┌──
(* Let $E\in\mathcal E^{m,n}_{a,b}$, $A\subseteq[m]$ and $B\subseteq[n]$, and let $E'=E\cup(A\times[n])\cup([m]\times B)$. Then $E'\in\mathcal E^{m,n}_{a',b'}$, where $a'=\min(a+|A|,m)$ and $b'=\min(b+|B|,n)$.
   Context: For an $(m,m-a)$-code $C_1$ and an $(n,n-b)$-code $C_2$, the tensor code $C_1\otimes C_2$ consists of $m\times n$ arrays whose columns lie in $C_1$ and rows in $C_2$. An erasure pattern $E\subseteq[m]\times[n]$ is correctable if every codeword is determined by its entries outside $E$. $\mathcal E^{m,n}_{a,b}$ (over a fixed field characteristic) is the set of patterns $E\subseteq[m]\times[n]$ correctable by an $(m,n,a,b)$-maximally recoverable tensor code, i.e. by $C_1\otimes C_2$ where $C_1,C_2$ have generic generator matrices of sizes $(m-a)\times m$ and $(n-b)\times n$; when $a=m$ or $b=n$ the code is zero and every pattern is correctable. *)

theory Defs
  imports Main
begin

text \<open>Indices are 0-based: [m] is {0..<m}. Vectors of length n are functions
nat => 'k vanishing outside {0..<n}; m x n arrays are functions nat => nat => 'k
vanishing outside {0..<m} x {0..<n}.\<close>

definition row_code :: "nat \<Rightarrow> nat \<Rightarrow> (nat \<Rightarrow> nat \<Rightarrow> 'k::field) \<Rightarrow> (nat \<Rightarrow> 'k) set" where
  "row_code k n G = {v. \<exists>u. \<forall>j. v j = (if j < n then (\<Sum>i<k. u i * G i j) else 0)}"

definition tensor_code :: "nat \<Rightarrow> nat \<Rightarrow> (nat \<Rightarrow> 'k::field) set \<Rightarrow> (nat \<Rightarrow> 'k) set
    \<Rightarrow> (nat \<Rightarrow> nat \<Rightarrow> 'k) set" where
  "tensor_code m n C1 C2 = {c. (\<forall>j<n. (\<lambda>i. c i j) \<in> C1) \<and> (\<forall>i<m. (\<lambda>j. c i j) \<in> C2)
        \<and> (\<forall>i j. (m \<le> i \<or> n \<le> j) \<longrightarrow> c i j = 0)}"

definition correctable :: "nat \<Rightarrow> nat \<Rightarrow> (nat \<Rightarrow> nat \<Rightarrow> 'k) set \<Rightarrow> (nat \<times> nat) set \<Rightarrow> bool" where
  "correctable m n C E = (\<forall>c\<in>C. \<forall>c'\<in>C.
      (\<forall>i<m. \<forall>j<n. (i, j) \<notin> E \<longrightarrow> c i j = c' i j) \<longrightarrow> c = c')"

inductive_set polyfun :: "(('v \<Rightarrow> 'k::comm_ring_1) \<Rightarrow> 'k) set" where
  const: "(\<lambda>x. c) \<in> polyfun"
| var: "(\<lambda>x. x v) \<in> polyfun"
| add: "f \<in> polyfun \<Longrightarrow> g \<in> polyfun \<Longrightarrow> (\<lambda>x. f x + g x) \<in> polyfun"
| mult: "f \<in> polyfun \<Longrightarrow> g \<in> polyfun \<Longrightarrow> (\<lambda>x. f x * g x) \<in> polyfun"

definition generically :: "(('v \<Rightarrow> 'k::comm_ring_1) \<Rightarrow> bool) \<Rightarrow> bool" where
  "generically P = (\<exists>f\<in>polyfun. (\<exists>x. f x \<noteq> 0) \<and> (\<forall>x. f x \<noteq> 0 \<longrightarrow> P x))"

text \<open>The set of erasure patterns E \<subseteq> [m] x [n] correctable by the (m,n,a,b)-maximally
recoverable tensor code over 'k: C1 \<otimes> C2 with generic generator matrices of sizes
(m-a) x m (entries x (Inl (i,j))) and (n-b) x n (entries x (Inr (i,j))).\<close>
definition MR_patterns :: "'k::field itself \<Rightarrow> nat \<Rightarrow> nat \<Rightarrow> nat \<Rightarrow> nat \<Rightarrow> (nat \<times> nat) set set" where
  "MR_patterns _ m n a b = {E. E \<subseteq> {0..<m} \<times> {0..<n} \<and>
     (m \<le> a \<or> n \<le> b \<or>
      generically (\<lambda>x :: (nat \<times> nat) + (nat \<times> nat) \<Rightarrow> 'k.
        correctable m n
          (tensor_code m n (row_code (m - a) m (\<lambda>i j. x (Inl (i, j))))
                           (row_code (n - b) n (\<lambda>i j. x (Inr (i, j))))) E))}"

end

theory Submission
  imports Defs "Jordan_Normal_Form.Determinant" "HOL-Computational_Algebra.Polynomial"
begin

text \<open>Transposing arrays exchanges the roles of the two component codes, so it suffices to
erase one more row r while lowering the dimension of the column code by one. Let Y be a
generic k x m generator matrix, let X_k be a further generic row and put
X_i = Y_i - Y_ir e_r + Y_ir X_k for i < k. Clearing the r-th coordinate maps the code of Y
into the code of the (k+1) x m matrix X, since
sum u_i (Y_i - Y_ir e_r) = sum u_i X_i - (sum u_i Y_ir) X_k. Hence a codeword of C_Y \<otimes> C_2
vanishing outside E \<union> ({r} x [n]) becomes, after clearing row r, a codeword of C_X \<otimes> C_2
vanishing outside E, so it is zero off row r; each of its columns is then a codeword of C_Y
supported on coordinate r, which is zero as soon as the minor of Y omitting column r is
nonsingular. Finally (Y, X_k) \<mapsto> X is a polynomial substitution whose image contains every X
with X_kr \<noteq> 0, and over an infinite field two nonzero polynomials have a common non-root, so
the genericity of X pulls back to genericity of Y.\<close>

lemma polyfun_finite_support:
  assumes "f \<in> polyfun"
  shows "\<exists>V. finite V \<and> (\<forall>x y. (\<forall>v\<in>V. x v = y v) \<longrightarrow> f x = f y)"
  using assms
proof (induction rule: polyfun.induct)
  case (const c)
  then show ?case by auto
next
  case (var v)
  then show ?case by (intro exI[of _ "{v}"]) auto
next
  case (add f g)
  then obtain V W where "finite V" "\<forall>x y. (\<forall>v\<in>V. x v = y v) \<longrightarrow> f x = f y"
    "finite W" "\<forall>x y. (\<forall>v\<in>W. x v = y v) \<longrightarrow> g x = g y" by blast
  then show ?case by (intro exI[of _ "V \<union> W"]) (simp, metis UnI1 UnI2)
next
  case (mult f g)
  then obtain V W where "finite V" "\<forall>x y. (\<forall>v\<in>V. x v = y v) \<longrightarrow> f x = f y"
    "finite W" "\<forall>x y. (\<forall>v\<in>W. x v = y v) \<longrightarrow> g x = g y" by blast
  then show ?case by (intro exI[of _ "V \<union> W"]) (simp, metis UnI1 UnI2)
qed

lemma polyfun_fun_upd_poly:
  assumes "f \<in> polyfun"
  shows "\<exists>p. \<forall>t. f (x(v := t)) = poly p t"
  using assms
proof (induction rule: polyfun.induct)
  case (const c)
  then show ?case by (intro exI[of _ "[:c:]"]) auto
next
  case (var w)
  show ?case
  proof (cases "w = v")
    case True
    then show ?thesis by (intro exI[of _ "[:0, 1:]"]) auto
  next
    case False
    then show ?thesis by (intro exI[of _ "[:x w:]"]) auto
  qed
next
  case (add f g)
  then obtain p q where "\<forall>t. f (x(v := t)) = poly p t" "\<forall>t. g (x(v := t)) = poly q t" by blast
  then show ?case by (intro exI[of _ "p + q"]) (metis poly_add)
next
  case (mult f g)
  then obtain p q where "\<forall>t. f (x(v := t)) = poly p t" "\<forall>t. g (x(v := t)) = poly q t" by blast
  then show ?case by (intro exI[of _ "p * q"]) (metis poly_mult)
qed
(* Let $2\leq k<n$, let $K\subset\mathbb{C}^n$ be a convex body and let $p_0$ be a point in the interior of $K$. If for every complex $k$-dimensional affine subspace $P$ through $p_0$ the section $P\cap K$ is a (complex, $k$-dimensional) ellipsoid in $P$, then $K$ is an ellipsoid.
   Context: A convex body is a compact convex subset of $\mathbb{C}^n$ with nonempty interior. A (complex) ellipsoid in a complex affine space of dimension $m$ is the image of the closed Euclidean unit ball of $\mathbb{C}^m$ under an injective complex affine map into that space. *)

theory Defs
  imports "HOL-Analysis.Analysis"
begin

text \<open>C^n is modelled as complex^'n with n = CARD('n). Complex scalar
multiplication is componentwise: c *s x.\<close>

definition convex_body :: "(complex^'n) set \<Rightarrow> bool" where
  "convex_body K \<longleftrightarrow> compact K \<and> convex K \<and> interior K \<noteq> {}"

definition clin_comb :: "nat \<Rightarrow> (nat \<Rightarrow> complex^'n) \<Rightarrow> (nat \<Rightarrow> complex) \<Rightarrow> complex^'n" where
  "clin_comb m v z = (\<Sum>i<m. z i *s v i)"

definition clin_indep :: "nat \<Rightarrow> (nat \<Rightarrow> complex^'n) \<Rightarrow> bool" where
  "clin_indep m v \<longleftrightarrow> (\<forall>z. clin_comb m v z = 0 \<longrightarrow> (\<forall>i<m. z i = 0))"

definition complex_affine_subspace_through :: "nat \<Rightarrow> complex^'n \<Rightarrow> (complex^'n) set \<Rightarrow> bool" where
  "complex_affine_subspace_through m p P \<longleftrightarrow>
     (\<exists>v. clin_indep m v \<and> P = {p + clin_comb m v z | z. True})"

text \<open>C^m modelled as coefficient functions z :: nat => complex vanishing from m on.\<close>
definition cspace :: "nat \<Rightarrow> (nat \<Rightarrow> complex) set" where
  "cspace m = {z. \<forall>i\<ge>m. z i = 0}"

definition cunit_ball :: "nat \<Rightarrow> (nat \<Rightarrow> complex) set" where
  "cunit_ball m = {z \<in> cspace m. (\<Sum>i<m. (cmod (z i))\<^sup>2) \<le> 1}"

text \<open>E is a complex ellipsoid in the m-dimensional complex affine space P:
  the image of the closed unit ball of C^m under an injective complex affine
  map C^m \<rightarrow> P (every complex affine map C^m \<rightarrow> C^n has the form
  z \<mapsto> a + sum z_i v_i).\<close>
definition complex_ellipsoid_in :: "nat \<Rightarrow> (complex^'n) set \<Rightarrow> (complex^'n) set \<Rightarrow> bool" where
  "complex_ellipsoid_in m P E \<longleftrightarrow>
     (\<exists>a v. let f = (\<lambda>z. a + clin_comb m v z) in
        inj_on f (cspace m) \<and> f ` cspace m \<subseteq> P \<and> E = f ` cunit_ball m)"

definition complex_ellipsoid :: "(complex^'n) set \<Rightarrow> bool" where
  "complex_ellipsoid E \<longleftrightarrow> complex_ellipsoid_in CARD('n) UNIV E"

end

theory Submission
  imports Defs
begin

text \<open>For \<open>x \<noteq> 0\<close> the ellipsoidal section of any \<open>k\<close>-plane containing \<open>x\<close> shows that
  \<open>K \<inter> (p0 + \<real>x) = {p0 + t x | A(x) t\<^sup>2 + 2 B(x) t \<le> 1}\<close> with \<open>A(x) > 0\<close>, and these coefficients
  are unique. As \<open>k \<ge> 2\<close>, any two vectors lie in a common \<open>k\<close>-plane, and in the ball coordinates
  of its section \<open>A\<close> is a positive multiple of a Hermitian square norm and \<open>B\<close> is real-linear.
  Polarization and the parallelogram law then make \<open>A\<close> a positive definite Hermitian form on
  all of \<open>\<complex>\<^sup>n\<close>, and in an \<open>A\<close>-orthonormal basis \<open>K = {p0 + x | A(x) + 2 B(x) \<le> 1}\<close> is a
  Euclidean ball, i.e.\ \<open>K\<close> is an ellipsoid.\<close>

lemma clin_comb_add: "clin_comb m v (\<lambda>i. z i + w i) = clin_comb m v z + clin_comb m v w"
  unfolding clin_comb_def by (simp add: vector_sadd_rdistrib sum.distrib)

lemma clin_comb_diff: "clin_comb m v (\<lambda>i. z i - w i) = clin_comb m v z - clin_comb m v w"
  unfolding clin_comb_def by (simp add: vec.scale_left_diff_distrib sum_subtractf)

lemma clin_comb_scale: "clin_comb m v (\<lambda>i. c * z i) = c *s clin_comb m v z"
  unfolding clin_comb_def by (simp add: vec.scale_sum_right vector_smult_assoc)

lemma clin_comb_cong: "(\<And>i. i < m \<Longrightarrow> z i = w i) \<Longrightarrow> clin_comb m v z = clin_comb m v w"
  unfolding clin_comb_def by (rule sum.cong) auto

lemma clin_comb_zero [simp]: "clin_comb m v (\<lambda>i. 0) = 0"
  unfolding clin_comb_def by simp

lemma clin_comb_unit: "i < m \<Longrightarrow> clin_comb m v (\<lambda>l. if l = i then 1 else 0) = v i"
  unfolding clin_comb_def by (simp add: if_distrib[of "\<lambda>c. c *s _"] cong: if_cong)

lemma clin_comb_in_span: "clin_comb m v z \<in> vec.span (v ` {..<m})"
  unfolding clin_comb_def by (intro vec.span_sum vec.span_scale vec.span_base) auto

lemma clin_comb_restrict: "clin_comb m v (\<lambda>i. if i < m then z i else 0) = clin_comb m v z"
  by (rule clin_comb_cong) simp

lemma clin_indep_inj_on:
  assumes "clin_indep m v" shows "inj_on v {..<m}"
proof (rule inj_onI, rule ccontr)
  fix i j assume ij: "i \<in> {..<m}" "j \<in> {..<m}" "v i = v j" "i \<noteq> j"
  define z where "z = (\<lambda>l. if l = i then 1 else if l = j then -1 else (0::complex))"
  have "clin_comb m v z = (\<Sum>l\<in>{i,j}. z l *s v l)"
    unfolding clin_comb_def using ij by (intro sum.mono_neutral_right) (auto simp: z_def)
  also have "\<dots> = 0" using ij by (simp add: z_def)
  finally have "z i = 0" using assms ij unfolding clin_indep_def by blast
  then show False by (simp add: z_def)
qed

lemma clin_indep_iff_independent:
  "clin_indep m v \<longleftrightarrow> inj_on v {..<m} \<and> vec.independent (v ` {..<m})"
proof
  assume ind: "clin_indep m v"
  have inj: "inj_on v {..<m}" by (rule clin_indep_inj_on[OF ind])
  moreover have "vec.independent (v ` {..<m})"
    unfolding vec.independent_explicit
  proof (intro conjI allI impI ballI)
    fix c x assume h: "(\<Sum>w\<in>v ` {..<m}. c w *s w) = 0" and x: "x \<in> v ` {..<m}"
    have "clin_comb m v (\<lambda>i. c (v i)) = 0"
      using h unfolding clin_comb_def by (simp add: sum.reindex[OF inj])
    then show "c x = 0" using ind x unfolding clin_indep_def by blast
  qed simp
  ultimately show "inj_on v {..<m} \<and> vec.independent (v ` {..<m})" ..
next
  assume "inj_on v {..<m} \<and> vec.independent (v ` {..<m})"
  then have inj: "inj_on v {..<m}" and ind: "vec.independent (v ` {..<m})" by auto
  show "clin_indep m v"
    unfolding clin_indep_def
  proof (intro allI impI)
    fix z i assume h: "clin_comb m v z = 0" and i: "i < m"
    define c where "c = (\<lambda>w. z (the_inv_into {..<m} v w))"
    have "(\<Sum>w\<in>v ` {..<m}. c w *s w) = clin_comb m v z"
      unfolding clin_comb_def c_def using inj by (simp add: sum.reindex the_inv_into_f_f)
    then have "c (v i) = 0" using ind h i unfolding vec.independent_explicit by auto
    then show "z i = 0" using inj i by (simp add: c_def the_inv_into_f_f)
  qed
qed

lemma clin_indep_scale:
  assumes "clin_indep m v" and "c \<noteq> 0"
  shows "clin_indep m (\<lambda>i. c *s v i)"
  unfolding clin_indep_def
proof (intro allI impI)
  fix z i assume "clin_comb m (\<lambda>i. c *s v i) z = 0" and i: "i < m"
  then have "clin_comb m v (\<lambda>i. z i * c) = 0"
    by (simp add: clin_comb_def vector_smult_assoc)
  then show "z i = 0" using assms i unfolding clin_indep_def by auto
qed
└──
Your response should consist solely of the lines from the one that holds "define c where" through the end of the listing above, reproduced exactly.

    define c where "c = (\<lambda>w. z (the_inv_into {..<m} v w))"
    have "(\<Sum>w\<in>v ` {..<m}. c w *s w) = clin_comb m v z"
      unfolding clin_comb_def c_def using inj by (simp add: sum.reindex the_inv_into_f_f)
    then have "c (v i) = 0" using ind h i unfolding vec.independent_explicit by auto
    then show "z i = 0" using inj i by (simp add: c_def the_inv_into_f_f)
  qed
qed

lemma clin_indep_scale:
  assumes "clin_indep m v" and "c \<noteq> 0"
  shows "clin_indep m (\<lambda>i. c *s v i)"
  unfolding clin_indep_def
proof (intro allI impI)
  fix z i assume "clin_comb m (\<lambda>i. c *s v i) z = 0" and i: "i < m"
  then have "clin_comb m v (\<lambda>i. z i * c) = 0"
    by (simp add: clin_comb_def vector_smult_assoc)
  then show "z i = 0" using assms i unfolding clin_indep_def by auto
qed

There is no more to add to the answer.